Computer models of asteroid impact debris from Earth to other planets show 100 times more particles end up on Mars than prior studies have shown. The highest-energy impact simulations show debris being flung into the planetary orbits and eventually finding its way to Jupiter. Two moons of which may be amenable to some forms of Earth-based life, BBC News is reporting.

Panspermia is a theory that occupies much of meteoritic research, primarily that the precursors to life, or living organisms themselves, may have been delivered by an impact on the early Earth. Equally, however, Earth impacts may throw up debris that could be loaded with microbes or small, hardy organisms like water bears - which have already demonstrated the ability to survive the harsh conditions of space.

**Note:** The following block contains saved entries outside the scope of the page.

(* Let $Z$ be a del Pezzo surface. (i) If $Z$ is not isomorphic to the blow-up of $\mathbb{P}^2$ in one or two points, then $O(Z)=\widehat{W}(Z)$. (ii) If $Z$ is isomorphic to the blow-up of $\mathbb{P}^2$ in two points, then $O(Z)=\widehat{W}(Z)\ltimes\mathbb{Z}$, a semidirect product of $\widehat W(Z)$ and an infinite cyclic group. (iii) If $Z$ is isomorphic to the blow-up of $\mathbb{P}^2$ in one point, then $\widehat{W}(Z)$ is trivial and $O(Z)\cong\mathbb{Z}$.
   Context: $Z$ is a smooth projective connected surface over $\mathbb{C}$ with ample $\omega_Z^{-1}$ (so $Z\cong\mathbb{P}^1\times\mathbb{P}^1$ or a blow-up of $\mathbb{P}^2$ at $0\le m\le 8$ general points); $K_Z=c_1(\omega_Z)$. $K(Z)$ is the Grothendieck group of the bounded derived category of coherent sheaves on $Z$, $r$ rank, $d(E)=c_1(E)\cdot(-K_Z)$, $\psi=(r,d):K(Z)\to\mathbb{Z}^2$, $\chi(E,F)=\sum_i(-1)^i\dim\mathrm{Hom}^i(E,F)$ the Euler form. $O(Z)$ is the group of automorphisms of $K(Z)$ preserving $\chi(-,-)$, $r$ and $d$. The affine roots are $\alpha\in\ker\psi$ with $\chi(\alpha,\alpha)=2$, and $\widehat{W}(Z)$ is the group generated by the reflections $\beta\mapsto\beta-\chi(\beta,\alpha)\alpha$ over affine roots $\alpha$. *)

theory Defs
  imports "HOL-Algebra.Bij" "HOL-Algebra.Coset" "HOL-Algebra.Generated_Groups" "HOL-Algebra.Elementary_Groups"
begin

text \<open>Deformation types of del Pezzo surfaces: P1 x P1, or the blow-up of P2 in m points.
  The lattice K(Z) together with r, d and the Euler form only depends on this type.\<close>
datatype dP = P1xP1 | BlP2 nat

definition delPezzo :: "dP \<Rightarrow> bool" where
  "delPezzo Z \<longleftrightarrow> (case Z of P1xP1 \<Rightarrow> True | BlP2 m \<Rightarrow> m \<le> 8)"

text \<open>Rank of Pic(Z). For P1xP1 basis = the two fibre classes; for BlP2 m basis = H, E_1..E_m.\<close>
fun picrk :: "dP \<Rightarrow> nat" where
  "picrk P1xP1 = 2"
| "picrk (BlP2 m) = m + 1"

fun inter :: "dP \<Rightarrow> int list \<Rightarrow> int list \<Rightarrow> int" where
  "inter P1xP1 D E = D!0 * E!1 + D!1 * E!0"
| "inter (BlP2 m) D E = D!0 * E!0 - (\<Sum>i\<in>{1..m}. D!i * E!i)"

fun antiK :: "dP \<Rightarrow> int list" where
  "antiK P1xP1 = [2, 2]"
| "antiK (BlP2 m) = 3 # replicate m (-1)"

text \<open>K(Z) is free with coordinates (rank, c_1, chi(O_Z,-)); E \<mapsto> (r(E), c_1(E), chi(O_Z,E))
  is an isomorphism K(Z) \<cong> Z \<oplus> Pic(Z) \<oplus> Z for a rational surface.\<close>
type_synonym kel = "int \<times> int list \<times> int"

definition KZ :: "dP \<Rightarrow> kel set" where
  "KZ Z = {(r, D, c). length D = picrk Z}"

definition kadd :: "kel \<Rightarrow> kel \<Rightarrow> kel" where
  "kadd x y = (case x of (r, D, c) \<Rightarrow> case y of (s, E, e) \<Rightarrow> (r + s, map2 (+) D E, c + e))"

definition ksmul :: "int \<Rightarrow> kel \<Rightarrow> kel" where
  "ksmul k x = (case x of (r, D, c) \<Rightarrow> (k * r, map ((*) k) D, k * c))"

definition krk :: "kel \<Rightarrow> int" where
  "krk x = fst x"

definition kdeg :: "dP \<Rightarrow> kel \<Rightarrow> int" where
  "kdeg Z x = inter Z (fst (snd x)) (antiK Z)"

text \<open>Euler form via Riemann--Roch: with ch_2 = chi - r - d/2,
  chi(E,F) = r_E chi_F + r_F chi_E - r_E r_F - r_F d_E - c_1(E).c_1(F).\<close>
definition kchi :: "dP \<Rightarrow> kel \<Rightarrow> kel \<Rightarrow> int" where
  "kchi Z x y = (case x of (r, D, c) \<Rightarrow> case y of (s, E, e) \<Rightarrow>
      r * e + s * c - r * s - s * inter Z D (antiK Z) - inter Z D E)"

abbreviation BG :: "dP \<Rightarrow> (kel \<Rightarrow> kel) monoid" where
  "BG Z \<equiv> BijGroup (KZ Z)"

definition Ocar :: "dP \<Rightarrow> (kel \<Rightarrow> kel) set" where
  "Ocar Z = {f \<in> Bij (KZ Z).
      (\<forall>x\<in>KZ Z. \<forall>y\<in>KZ Z. f (kadd x y) = kadd (f x) (f y)) \<and>
      (\<forall>x\<in>KZ Z. \<forall>y\<in>KZ Z. kchi Z (f x) (f y) = kchi Z x y) \<and>
      (\<forall>x\<in>KZ Z. krk (f x) = krk x \<and> kdeg Z (f x) = kdeg Z x)}"

definition OGrp :: "dP \<Rightarrow> (kel \<Rightarrow> kel) monoid" where
  "OGrp Z = (BG Z)\<lparr>carrier := Ocar Z\<rparr>"

definition affine_roots :: "dP \<Rightarrow> kel set" where
  "affine_roots Z = {a \<in> KZ Z. krk a = 0 \<and> kdeg Z a = 0 \<and> kchi Z a a = 2}"

definition refl :: "dP \<Rightarrow> kel \<Rightarrow> kel \<Rightarrow> kel" where
  "refl Z a = restrict (\<lambda>b. kadd b (ksmul (- kchi Z b a) a)) (KZ Z)"

definition What :: "dP \<Rightarrow> (kel \<Rightarrow> kel) set" where
  "What Z = generate (BG Z) (refl Z ` affine_roots Z)"

end

theory Submission
  imports Defs
begin

text \<open>
  O(Z) acts on the classes u of rank 1, degree 0 and chi(u, u) = 1, one of which is [O_Z].
  For a root R of Pic(Z) orthogonal to K, (0, R, c) is an affine root for every c, so a single
  reflection translates c_1(u) by any multiple of R; this moves u back to [O_Z] unless Z is the
  blow-up of the plane in one or two points, where no root has a nonzero H-coefficient.
  An isometry fixing [O_Z] fixes the point class and restricts to an isometry of Pic(Z) fixing K.
  As in the classical description of the Weyl group via Noether's inequality, reflections in
  the Cremona roots H - E_i - E_j - E_k lower the degree of the image of H until it is H again,
  and reflections in E_i - E_j then undo the permutation of the E_i.
  For one or two points the H-coefficient of c_1(f(O_Z)) is a homomorphism from O(Z) onto the
  integers whose kernel is the affine Weyl group, split by tensoring with a line bundle of
  class H - 3E_1.
\<close>

section \<open>Groups of bijections and subgroup descent\<close>

lemma BijGroup_mult_apply:
  "f \<in> Bij S \<Longrightarrow> g \<in> Bij S \<Longrightarrow> x \<in> S \<Longrightarrow> (f \<otimes>\<^bsub>BijGroup S\<^esub> g) x = f (g x)"
  by (simp add: BijGroup_def compose_def)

Other simulations have tackled the probability that Earth impacts seeded life in the solar system, suggesting that Earth debris could even have made it to Saturn´s moon Titan.

Mauricio Reyes-Ruiz and his fellow researchers at the Universidad Nacional Autonoma de Mexico have posted their study on the collision probabilities of particles ejected from Earth with other nearby planets.

In addition to showing that particles ejected from Earth could reach Jupiter, simulations also showed that the number of particles ejected from Earth that collide with Mars is two orders of magnitude greater than previous studies have found, reports.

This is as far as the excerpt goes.